Build a support system
Whether you’re commuting or living on or near campus prepare yourself for the mental breakdown that is most likely coming, unless you’re the most well-adjusted human being on the planet. Friends, family, the neighbourhood raccoon – just find someone who will listen to your 2 a.m. rants about time-space continuums or Wordsworth’s stupid-freaking-poems! You will probably live through it, but it helps when someone spoon-feeds you ice-cream during the critical moments. In my case, this meant taking my 10-year-old sister to Tim Horton’s and gorging out on their ice-cream sundaes until our tongues started crying sweet tears.

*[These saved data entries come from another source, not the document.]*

(* Let $f:\mathbb{R}^d\times\mathcal{X}\to\mathbb{R}$ be differentiable in $\theta$, with $\mathcal{X}$ a subset of a Euclidean space and $\sup_{x\in\mathcal{X}}\Vert x\Vert\le D<\infty$. Assume (A1): there are $K_1,K_2>0$ with $\Vert\nabla f(\theta,x)-\nabla f(\hat\theta,\hat x)\Vert\le K_1\Vert\theta-\hat\theta\Vert+K_2\Vert x-\hat x\Vert(\Vert\theta\Vert+\Vert\hat\theta\Vert+1)$ for all $\theta,\hat\theta\in\mathbb{R}^d$, $x,\hat x\in\mathcal{X}$; and (N): $(\xi_k)$ are i.i.d. random vectors in $\mathbb{R}^d$ independent of the minibatches, with continuous everywhere-positive density, $\mathbb{E}\xi_1=0$, $\sigma^2:=\mathbb{E}\Vert\xi_1\Vert^2<\infty$. Let $X_n=(x_1,\dots,x_n)$, $\hat X_n=(\hat x_1,\dots,\hat x_n)\in\mathcal{X}^n$ differ in at most one index, $b\in\{1,\dots,n\}$, $\eta>0$, $(\Omega_k)$ i.i.d. uniformly random $b$-subsets of $\{1,\dots,n\}$, and let $P,\hat P$ be the transition kernels of $\theta_k=\theta_{k-1}-\frac\eta b\sum_{i\in\Omega_k}\nabla f(\theta_{k-1},x_i)+\eta\xi_k$ and $\hat\theta_k=\hat\theta_{k-1}-\frac\eta b\sum_{i\in\Omega_k}\nabla f(\hat\theta_{k-1},\hat x_i)+\eta\xi_k$. Let $\theta_*$ and $\hat\theta_*$ be minimizers of $\frac1n\sum_if(\theta,x_i)$ and $\frac1n\sum_if(\theta,\hat x_i)$, $V(\theta)=1+\Vert\theta-\theta_*\Vert^2$, $\hat V(\theta)=1+\Vert\theta-\hat\theta_*\Vert^2$, and for $\psi>0$ let $d_\psi(\mu_1,\mu_2)=\int_{\mathbb{R}^d}(1+\psi V(\theta))\,|\mu_1-\mu_2|(d\theta)$. Then $$\sup_{\theta\in\mathbb{R}^d}\frac{d_\psi(\delta_\theta P,\delta_\theta\hat P)}{\hat V(\theta)}\le\frac{2b}{n}\max\Big\{\psi(4+8\eta^2K_1^2),\ 1+\psi\Big(1+\eta^2\sigma^2+(4+8\eta^2K_1^2)\Vert\theta_*-\hat\theta_*\Vert^2+4\eta^2\sup_{x\in\mathcal{X}}\Vert\nabla f(\theta_*,x)\Vert^2\Big)\Big\}.$$
   Context: $|\mu_1-\mu_2|$ is the total variation measure of the signed measure $\mu_1-\mu_2$; $\delta_\theta P=P(\theta,\cdot)$. *)

theory Defs
  imports "HOL-Probability.Probability"
begin

definition tv_measure :: "'a measure \<Rightarrow> 'a measure \<Rightarrow> 'a measure" where
  "tv_measure M1 M2 = measure_of (space M1) (sets M1)
     (\<lambda>A. \<Squnion>{(\<Sum>B\<in>\<P>. ennreal \<bar>measure M1 B - measure M2 B\<bar>) | \<P>.
            finite \<P> \<and> disjoint \<P> \<and> \<P> \<subseteq> sets M1 \<and> \<Union>\<P> = A})"

definition d_psi :: "real \<Rightarrow> ('a \<Rightarrow> real) \<Rightarrow> 'a measure \<Rightarrow> 'a measure \<Rightarrow> ennreal" where
  "d_psi \<psi> V M1 M2 = (\<integral>\<^sup>+ t. ennreal (1 + \<psi> * V t) \<partial>tv_measure M1 M2)"

definition minibatch_pmf :: "nat \<Rightarrow> nat \<Rightarrow> nat set pmf" where
  "minibatch_pmf n b = pmf_of_set {S. S \<subseteq> {1..n} \<and> card S = b}"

After all these tidbits have sizzled their way into your brainwaves, don’t forget to have a little fun. Like I said: priorities. Sometimes, that means attending a crazy jam-fest with your quirky guitar-toting friends on the Sunday before a final to let off some steam, and others, that means surviving on twice-brewed coffee for 24 hours to finish your essay on time.
Keep your GPA in mind; but remember, the professors think you’re all idiots at this point anyway, so don’t work too hard to exceed their expectations. Have a little fun – fourth year will not be so easy.